Explore converting Rust code into WebAssembly using wasm-bindgen. Learn to create binding JavaScript files to manage data transfer between JavaScript and WebAssembly and understand how wasm-bindgen facilitates this process. Gain skills to generate, load, and run WebAssembly modules from Rust efficiently.

So far, we’ve seen simple examples. But how can we pass functions and classes from JavaScript into WebAssembly and vice versa? In order to do more advanced bindings, Rust provides us with wasm-bindgen. Let’s start with a “Hello World” example with wasm-bindgen.

Getting started with the project

  1. Create a new project with Cargo:

Shell
cargo new --lib hello_world

This will create a new Rust project with all the necessary files.

  1. Open the Cargo.toml file to add crate-type and add the wasm-bindgen dependency:

Rust 1.40.0
[package]
name = "hello_world"
version = "0.1.0"
authors = ["Educative"]
edition = "2018"
[lib]
crate-type = ["cdylib"]
[dependencies]
wasm-bindgen = "0.2.38"

We define the wasm-bindgen dependency under the [dependencies] (line 9).

  1. Open the src/lib.rs file and replace the contents with the following:

C++
use wasm_bindgen::prelude::*;
#[wasm_bindgen]
pub fn hello_world() -> String {
"Hello World".to_string()
}

We import the wasm_bindgen library using use wasm_bingen::prelude::* (line 1) and then annotate the function with #[wasm_bindgen] (line 2).

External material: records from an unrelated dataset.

lemma nn_integral_h_mult_le_of_truncations:
  fixes g :: "'a \<Rightarrow> real"
  assumes [measurable]: "g \<in> borel_measurable M" and g_nonneg: "\<And>x. 0 \<le> g x"
    and truncated: "\<And>N::nat. (\<integral>x. h x * min (g x) N \<partial>M) - (\<integral>x. min (g x) N \<partial>M) \<le> R"
  shows "(\<integral>\<^sup>+x. ennreal (h x) * ennreal (g x) \<partial>M) \<le> (\<integral>\<^sup>+x. ennreal (g x) \<partial>M) + ennreal R"
proof -
  have "R \<ge> 0"
    using truncated[of 0] g_nonneg by (simp add: min_absorb2)
  define f where "f = (\<lambda>(N::nat) x. ennreal (h x) * ennreal (min (g x) (real N)))"
  have truncated_le: "integral\<^sup>N M (f N) \<le> (\<integral>\<^sup>+x. ennreal (g x) \<partial>M) + ennreal R" for N
  proof -
    have bounds: "\<bar>min (g x) (real N)\<bar> \<le> N" for x
      using g_nonneg[of x] by simp
    have int: "integrable M (\<lambda>x. min (g x) (real N))" "integrable M (\<lambda>x. h x * min (g x) (real N))"
      by (rule integrable_bounded integrable_h_mult_bounded, measurable, rule bounds)+
    have "integral\<^sup>N M (f N) = ennreal (\<integral>x. h x * min (g x) N \<partial>M)"
      unfolding f_def using int(2) h_nonneg g_nonneg
      by (subst nn_integral_eq_integral[symmetric]) (auto simp: ennreal_mult)
    also have "\<dots> \<le> ennreal ((\<integral>x. min (g x) N \<partial>M) + R)"
      using truncated[of N] by (intro ennreal_leI) simp
    also have "\<dots> = ennreal (\<integral>x. min (g x) N \<partial>M) + ennreal R"
      using \<open>R \<ge> 0\<close> g_nonneg by (intro ennreal_plus) auto
    also have "ennreal (\<integral>x. min (g x) N \<partial>M) = (\<integral>\<^sup>+x. ennreal (min (g x) N) \<partial>M)"
      using int(1) g_nonneg by (intro nn_integral_eq_integral[symmetric]) auto
    also have "\<dots> \<le> (\<integral>\<^sup>+x. ennreal (g x) \<partial>M)"
      by (intro nn_integral_mono ennreal_leI) simp
    finally show ?thesis by (simp add: add_right_mono)
  qed
  have SUP_f: "(SUP N. f N x) = ennreal (h x) * ennreal (g x)" for x
    unfolding f_def by (simp add: SUP_mult_left_ennreal[symmetric] SUP_ennreal_min_of_nat)
  have "incseq f"
    unfolding f_def by (auto simp: incseq_def le_fun_def intro!: mult_left_mono ennreal_leI)
  then have "(\<integral>\<^sup>+x. (SUP N. f N x) \<partial>M) = (SUP N. integral\<^sup>N M (f N))"
    by (rule nn_integral_monotone_convergence_SUP) (unfold f_def, measurable)
  also have "\<dots> \<le> (\<integral>\<^sup>+x. ennreal (g x) \<partial>M) + ennreal R"
    by (rule SUP_least) (rule truncated_le)
  finally show ?thesis
    by (simp add: SUP_f)
qed

end

locale finite_entropy_density_borel =
  finite_entropy_density M h for M :: "'a::euclidean_space measure" and h +
  assumes sets_M [measurable_cong]: "sets M = sets borel"
begin

lemma moment_density: "moment k (density M h) = (\<integral>\<^sup>+x. ennreal (h x) * ennreal (norm x ^ k) \<partial>M)"
  unfolding moment_def by (simp add: nn_integral_density)

lemma moment_density_eq_if_Ent_eq_0:
  assumes "Ent = 0"
  shows "moment k (density M h) = moment k M"
  unfolding moment_density unfolding moment_def
  using AE_h_eq_1_if_Ent_eq_0[OF assms] by (intro nn_integral_cong_AE) auto

lemma integral_exp_le_exp_moment:
  fixes f :: "'a \<Rightarrow> real"
  assumes [measurable]: "f \<in> borel_measurable M"
    and "\<And>x. f x \<le> B" "\<And>x. f x \<le> \<sigma> * (norm x)^2" "exp_moment M \<sigma> \<noteq> \<infinity>"
  shows "(\<integral>x. exp (f x) \<partial>M) \<le> enn2real (exp_moment M \<sigma>)"
proof -
  have "(\<integral>x. exp (f x) \<partial>M) = enn2real (\<integral>\<^sup>+x. ennreal (exp (f x)) \<partial>M)"
    by (rule integral_eq_nn_integral) auto
  also have "\<dots> \<le> enn2real (exp_moment M \<sigma>)"
    unfolding exp_moment_def using assms(3,4)
    by (intro enn2real_mono nn_integral_mono ennreal_leI) (auto simp: exp_moment_def less_top)
  finally show ?thesis .
qed

lemma first_moment_density_le:
  assumes "\<sigma> > 0" "Ent > 0" and finite: "exp_moment M \<sigma> \<noteq> \<infinity>"
  shows "moment 1 (density M h) \<le> moment 1 M +
    ennreal (sqrt (2 / \<sigma> + 2 / \<sigma> * ln (enn2real (exp_moment M \<sigma>)))) * ennreal (sqrt Ent)"
proof -
  define c where "c = sqrt (2 / \<sigma> + 2 / \<sigma> * ln (enn2real (exp_moment M \<sigma>)))"
  have "(\<integral>\<^sup>+x. ennreal (h x) * ennreal (norm x) \<partial>M) \<le> (\<integral>\<^sup>+x. ennreal (norm x) \<partial>M) + ennreal (c * sqrt Ent)"
  proof (rule nn_integral_h_mult_le_of_truncations)
    fix N :: nat
    have "(\<integral>x. exp (\<sigma> * (min (norm x) N)^2) \<partial>M) \<le> enn2real (exp_moment M \<sigma>)"
      using \<open>\<sigma> > 0\<close> finite
      by (intro integral_exp_le_exp_moment[where B = "\<sigma> * N^2"]) (auto intro: mult_left_mono power_mono)
    then show "(\<integral>x. h x * min (norm x) N \<partial>M) - (\<integral>x. min (norm x) N \<partial>M) \<le> c * sqrt Ent"
      unfolding c_def using assms by (intro bounded_deviation_le_sqrt_Ent[where N = N]) auto
  qed auto
  then show ?thesis
    unfolding moment_density unfolding moment_def c_def using Ent_nonneg by (simp add: ennreal_mult'')
qed

lemma second_moment_density_le:
  assumes "\<sigma> > 0" "Ent > 0" and finite: "exp_moment M \<sigma> \<noteq> \<infinity>"
  shows "moment 2 (density M h) \<le> moment 2 M +
    ennreal ((3 / \<sigma> + 2 / \<sigma> * enn2real (exp_moment M \<sigma>)) * (sqrt Ent + Ent / 2))"
  unfolding moment_density unfolding moment_def
proof (rule nn_integral_h_mult_le_of_truncations)
  fix N :: nat
  have "(\<integral>x. exp (\<sigma> * min ((norm x)^2) N) \<partial>M) \<le> enn2real (exp_moment M \<sigma>)"
    using \<open>\<sigma> > 0\<close> finite
    by (intro integral_exp_le_exp_moment[where B = "\<sigma> * N"]) (auto intro: mult_left_mono)
  then show "(\<integral>x. h x * min ((norm x)^2) N \<partial>M) - (\<integral>x. min ((norm x)^2) N \<partial>M)
      \<le> (3 / \<sigma> + 2 / \<sigma> * enn2real (exp_moment M \<sigma>)) * (sqrt Ent + Ent / 2)"
    using assms by (intro bounded_deviation_le_sqrt_Ent_add_Ent[where N = N]) auto
qed (use assms Ent_nonneg in auto)

end

lemma le_add_INF_mult:
  fixes c :: "real \<Rightarrow> ennreal" and a b :: ennreal
  assumes "S \<noteq> {}" and "\<And>\<sigma>. \<sigma> \<in> S \<Longrightarrow> a \<le> b + c \<sigma> * ennreal d"
  shows "a \<le> b + (INF \<sigma>\<in>S. c \<sigma>) * ennreal d"
proof -
  define g where "g y = b + ennreal d * y" for y
  have "mono g"
    unfolding g_def by (auto intro!: monoI add_left_mono mult_left_mono)
  moreover have "continuous_on UNIV g"
    unfolding g_def by (intro continuous_intros ennreal_continuous_on_cmult) auto
  ultimately have "(INF \<sigma>\<in>S. g (c \<sigma>)) = g (INF \<sigma>\<in>S. c \<sigma>)"
    using assms(1) by (subst continuous_at_Inf_mono)
      (auto simp: continuous_on_eq_continuous_within continuous_at_imp_continuous_at_within image_comp)
  moreover have "a \<le> (INF \<sigma>\<in>S. g (c \<sigma>))"
    using assms(2) unfolding g_def by (intro INF_greatest) (simp add: mult.commute)
  ultimately show ?thesis
    unfolding g_def by (simp add: mult.commute)
qed

context finite_entropy_density_borel
begin

lemma first_moment_density_le_C1:
  assumes "\<alpha> > 0" "Ent > 0"
  shows "moment 1 (density M h) \<le> moment 1 M + C1 M \<alpha> * ennreal (sqrt Ent)"
  unfolding C1_def
proof (rule le_add_INF_mult)
  show "{0<..<\<alpha> / 2} \<noteq> {}"
    using \<open>\<alpha> > 0\<close> by (auto intro!: exI[of _ "\<alpha> / 4"])
  fix \<sigma> :: real assume "\<sigma> \<in> {0<..<\<alpha> / 2}"
  then show "moment 1 (density M h) \<le> moment 1 M + (if exp_moment M \<sigma> = \<infinity> then \<infinity>
      else ennreal (sqrt (2 / \<sigma> + 2 / \<sigma> * ln (enn2real (exp_moment M \<sigma>))))) * ennreal (sqrt Ent)"
    using first_moment_density_le[of \<sigma>] \<open>Ent > 0\<close> by (simp add: ennreal_top_mult)
qed

lemma second_moment_density_le_C2:
  assumes "\<alpha> > 0" "Ent > 0"
  shows "moment 2 (density M h) \<le> moment 2 M + C2 M \<alpha> * ennreal (sqrt Ent + Ent / 2)"
  unfolding C2_def
proof (rule le_add_INF_mult)
  show "{0<..<\<alpha> / 2} \<noteq> {}"
    using \<open>\<alpha> > 0\<close> by (auto intro!: exI[of _ "\<alpha> / 4"])
  fix \<sigma> :: real assume "\<sigma> \<in> {0<..<\<alpha> / 2}"
  then have "\<sigma> > 0" by simp
  show "moment 2 (density M h) \<le> moment 2 M +
      (ennreal (3 / \<sigma>) + ennreal (2 / \<sigma>) * exp_moment M \<sigma>) * ennreal (sqrt Ent + Ent / 2)"
  proof (cases "exp_moment M \<sigma> = \<infinity>")
    case False
    then obtain E where E: "exp_moment M \<sigma> = ennreal E" "E \<ge> 0"
      by (cases "exp_moment M \<sigma>") auto
    have "ennreal ((3 / \<sigma> + 2 / \<sigma> * E) * (sqrt Ent + Ent / 2))
        = (ennreal (3 / \<sigma>) + ennreal (2 / \<sigma>) * ennreal E) * ennreal (sqrt Ent + Ent / 2)"
    proof -
      have "0 \<le> 2 / \<sigma>" "0 \<le> 3 / \<sigma>" "0 \<le> 2 / \<sigma> * E" "0 \<le> sqrt Ent + Ent / 2"
        using \<open>\<sigma> > 0\<close> E(2) Ent_nonneg by simp_all
      then show ?thesis
        using E(2) by (simp add: ennreal_mult[symmetric] ennreal_plus[symmetric] del: ennreal_plus)
    qed
    then show ?thesis
      using second_moment_density_le[OF \<open>\<sigma> > 0\<close> \<open>Ent > 0\<close> False] E by simp
  qed (use \<open>\<sigma> > 0\<close> \<open>Ent > 0\<close> in \<open>simp add: ennreal_mult_top ennreal_top_mult add_pos_pos\<close>)
qed

end

lemma finite_rel_entropy_density:
  fixes p \<zeta> :: "'a measure"
  assumes "prob_space \<zeta>" "prob_space p" "sets p = sets \<zeta>" "rel_entropy p \<zeta> < \<infinity>"
  obtains h where "finite_entropy_density \<zeta> h" "p = density \<zeta> (\<lambda>x. ennreal (h x))"
    "real_of_ereal (rel_entropy p \<zeta>) = finite_entropy_density.Ent \<zeta> h"
proof -
  interpret \<zeta>: prob_space \<zeta> by fact
  interpret p: prob_space p by fact
  have ac: "absolutely_continuous \<zeta> p"
    and ln_integrable: "integrable p (\<lambda>x. ln (enn2real (RN_deriv \<zeta> p x)))"
    and rel_entropy: "rel_entropy p \<zeta> = ereal (\<integral>x. ln (enn2real (RN_deriv \<zeta> p x)) \<partial>p)"
    using assms(4) unfolding rel_entropy_def by (auto split: if_splits)
  define h where "h x = enn2real (RN_deriv \<zeta> p x)" for x
  have [measurable]: "h \<in> borel_measurable \<zeta>"
    unfolding h_def by measurable
  have "AE x in \<zeta>. RN_deriv \<zeta> p x \<noteq> \<infinity>"
    using \<zeta>.RN_deriv_finite[OF p.sigma_finite_measure_axioms ac assms(3)] .
  then have "density \<zeta> (RN_deriv \<zeta> p) = density \<zeta> (\<lambda>x. ennreal (h x))"
    unfolding h_def by (intro density_cong) (auto simp: less_top)
  then have p: "p = density \<zeta> (\<lambda>x. ennreal (h x))"
    using \<zeta>.density_RN_deriv[OF ac assms(3)] by simp
  have integrable_p: "integrable p f \<longleftrightarrow> integrable \<zeta> (\<lambda>x. h x * f x)"
    and integral_p: "(\<integral>x. f x \<partial>p) = (\<integral>x. h x * f x \<partial>\<zeta>)"
    if "f \<in> borel_measurable \<zeta>" for f :: "'a \<Rightarrow> real"
    using that unfolding p by (simp_all add: integrable_real_density integral_real_density h_def)
  have "finite_entropy_density \<zeta> h"
  proof
    show "integrable \<zeta> h" "(\<integral>x. h x \<partial>\<zeta>) = 1"
      using integrable_p[of "\<lambda>_. 1"] integral_p[of "\<lambda>_. 1"] p.prob_space by simp_all
    show "integrable \<zeta> (\<lambda>x. h x * ln (h x))"
      using integrable_p ln_integrable unfolding h_def by simp
  qed (auto simp: h_def)
  moreover have "real_of_ereal (rel_entropy p \<zeta>) = finite_entropy_density.Ent \<zeta> h"
    unfolding rel_entropy finite_entropy_density.Ent_def[OF \<open>finite_entropy_density \<zeta> h\<close>]
    using integral_p[of "\<lambda>x. ln (h x)"] unfolding h_def by simp
  ultimately show ?thesis
    using p that by blast
qed

theorem lemma27:
  fixes \<mu> \<nu> \<zeta> :: "'a::euclidean_space measure"
    and U\<^sub>\<mu> U\<^sub>\<nu> :: "'a \<Rightarrow> real" and \<alpha>\<^sub>\<mu> \<alpha>\<^sub>\<nu> \<alpha> :: real
    and p :: "'a measure"
  assumes "A1_measure \<mu> U\<^sub>\<mu> \<alpha>\<^sub>\<mu>" and "A1_measure \<nu> U\<^sub>\<nu> \<alpha>\<^sub>\<nu>"
    and "(\<zeta>, \<alpha>) \<in> {(\<mu>, \<alpha>\<^sub>\<mu>), (\<nu>, \<alpha>\<^sub>\<nu>)}"
    and "prob_space p" and "sets p = sets borel"
    and "rel_entropy p \<zeta> < \<infinity>"
  shows "moment 1 p \<le> moment 1 \<zeta> + C1 \<zeta> \<alpha> * ennreal (sqrt (real_of_ereal (rel_entropy p \<zeta>))) \<and>
         moment 2 p \<le> moment 2 \<zeta> + C2 \<zeta> \<alpha> *
           ennreal (sqrt (real_of_ereal (rel_entropy p \<zeta>)) + real_of_ereal (rel_entropy p \<zeta>) / 2)"
proof -
  obtain U where "A1_measure \<zeta> U \<alpha>"
    using assms(1-3) by auto
  then have \<zeta>: "\<zeta> = density lborel (\<lambda>x. ennreal (exp (- U x)))" "prob_space \<zeta>" "\<alpha> > 0"
    unfolding A1_measure_def by auto
  then have "sets \<zeta> = sets borel"
    by simp
  with assms(4-6) \<zeta>(2) obtain h where h: "finite_entropy_density \<zeta> h"
    and p: "p = density \<zeta> (\<lambda>x. ennreal (h x))"
    and H: "real_of_ereal (rel_entropy p \<zeta>) = finite_entropy_density.Ent \<zeta> h"
    by (metis finite_rel_entropy_density)
  interpret finite_entropy_density_borel \<zeta> h
    using h \<open>sets \<zeta> = sets borel\<close>
    by (intro finite_entropy_density_borel.intro finite_entropy_density_borel_axioms.intro)
  show ?thesis
  \<comment> \<open>C1 and C2 may be infinite and \<open>\<infinity> * 0 = 0\<close> in ennreal, so Ent = 0 needs h = 1 a.e.\<close>
  proof (cases "Ent = 0")
    case True
    then show ?thesis
      unfolding H unfolding p by (simp add: moment_density_eq_if_Ent_eq_0)
  next
    case False
    then show ?thesis
      unfolding H unfolding p
      using Ent_nonneg first_moment_density_le_C1 second_moment_density_le_C2 \<zeta>(3) by simp
  qed
qed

The hello function returns String (line 4).

To generate the WebAssembly module, we’ll first run the following command:

Shell
cargo build --target=wasm32-unknown-unknown

This will generate the WebAssembly module. But this module cannot run by itself. WebAssembly only supports passing numbers between the native code and JavaScript. But we’re returning a String ...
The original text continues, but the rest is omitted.